Court of Appeal of Quebec

Souscripteurs du Lloyd's c. SNC Lavalin inc.


Morissette, Gagné, Lavallée

Appeal from a judgment of the Superior Court granting an application for an order to facilitate the enforcement of a judgment ordering the appellant to pay the respondent $65,979,396. Dismissed.

At trial, the respondent sought, inter alia, orders requiring payment of amounts of money by three of its insurers participating in insurance towers, after the Main judgment was rendered on April 6, 2020, in SNC-Lavalin (Terratech inc. et SNC-Lavalin Environnement inc.) c. Deguise (C.A., 2020-04-06), 2020 QCCA 495, SOQUIJ AZ-51681330, 2020EXP-956, the “pyrrhotite case”. The judgment upheld the Main judgment that found the respondent and its geologist liable. It also upheld the order in the Main judgment directing the insurers to “apportion among themselves the damages in connection with the liability of their insured,” in this case the respondent.

The condemnation against the appellant insurance company in respect of each of the claims for which the respondent was found liable was rendered in the direct actions brought by injured third persons. These actions were therefore brought under article 2501 of the Civil Code of Québec (S.Q. 1991, c. 64) (C.C.Q.), and to be successful the third person had to establish (i) the insurer’s liability and (ii) the insurance contract covering such liability. When a claim submitted and reported (or declared) is at issue, the insurer may set up against the injured third party the absence of claim and of notice to the insurer despite article 2502 C.C.Q., since this provision requires that the claim first be covered by the insurance policy. Nothing of this nature was set up against the injured third persons in this case.

The Court therefore has before it an argument of law or of fact that should have been raised previously, or grounds that were or could have been alleged in defence but that may not be invoked again to defeat the enforcement of the Main judgment. This is the effect of the presumption of res judicata.
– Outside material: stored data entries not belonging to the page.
lemma cl_cont_at_eval_isolated:
  assumes cX: "cech_closure X u" and cY: "cech_closure Y v"
    and p: "openin T {p}" "\<phi> p \<in> cont_maps X u Y v"
    and ev: "(\<lambda>(q, x). \<phi> q x) ` (topspace T \<times> X) \<subseteq> Y"
  shows "cl_cont_at (topspace T \<times> X) (prod_cl (topspace T) ((closure_of) T) X u) v
           (\<lambda>(q, x). \<phi> q x) (p, x)"
  unfolding cl_cont_at_def
proof (intro allI impI)
  let ?ev = "\<lambda>(q, x). \<phi> q x"
  fix B assume B: "B \<subseteq> topspace T \<times> X" and px: "(p, x) \<in> prod_cl (topspace T) ((closure_of) T) X u B"
  define Bp where "Bp = {x'. (p, x') \<in> B}"
  have BpX: "Bp \<subseteq> X" using B unfolding Bp_def by blast
  have p_nbhd: "cl_nbhd (topspace T) ((closure_of) T) p {p}"
    using p(1) unfolding cl_nbhd_topology by (metis interior_of_openin openin_subset singletonI)
  have "x \<in> u Bp"
    unfolding in_cech_closure_iff_nbhds[OF cX BpX]
  proof (intro conjI allI impI)
    show "x \<in> X" using px unfolding mem_prod_cl by blast
    fix U assume "cl_nbhd X u x U"
    with px p_nbhd have "{p} \<times> U \<inter> B \<noteq> {}" unfolding mem_prod_cl by blast
    then show "U \<inter> Bp \<noteq> {}" unfolding Bp_def by blast
  qed
  then have "\<phi> p x \<in> v (\<phi> p ` Bp)" using p(2) BpX unfolding cont_maps_def cl_cont_def by blast
  moreover have "\<phi> p ` Bp \<subseteq> ?ev ` B"
  proof
    fix y assume "y \<in> \<phi> p ` Bp"
    then obtain x' where "(p, x') \<in> B" "y = \<phi> p x'" unfolding Bp_def by blast
    then show "y \<in> ?ev ` B" using rev_image_eqI[of "(p, x')" B y ?ev] by simp
  qed
  then have "v (\<phi> p ` Bp) \<subseteq> v (?ev ` B)"
    by (rule cech_closure_mono[OF cY]) (use ev B in blast)
  ultimately show "?ev (p, x) \<in> v (?ev ` B)" by auto
qed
In addition, the trial judge found that the insured met its obligations when it sent a claim to the claim officer, who was acting in the capacity of mandatary for the insurers. This interpretation of the reference insurance policy is both rational and consistent with its terms; in no way does it violate the letter of the policy nor, despite the appellant’s arguments, does it contain an amalgam or a “fusion” between the date a claim was presented to the insured and the date it was declared to the insurers. Certainly, these dates may have been to some degree contemporaneous, but this was due to the special management method the parties had adopted to deal with what was quickly becoming a massive and worrying wave of claims. They had to be practical and take care of the most urgent matters. Moreover, the judge found, as it was open for him to do, that this interpretation does not distort the type of policy in question.

The respondent considers that it performed its obligations within the meaning of the policy, as did the “claim officer” when reporting the claims to the insured continuously, as they were received, by sending the Claims Status Reports, as the record shows. The appellant never objected to this way of proceeding, nor did it deny coverage.

It is settled law that the insurer must express its reservations regarding the coverage of the insured in a timely manner. Its failure to act may indeed be interpreted as a renunciation, which appears to have been the trial judge’s conclusion in this case. The exacting interpretation of the policy now advanced by the appellant is tardy. It is inconsistent with the relationships of the parties. The appellant, having failed to deny coverage in a timely manner, is henceforth barred from disputing the respondent’s proposed method of distribution [translation] “based on dates of formal notices or first notice”.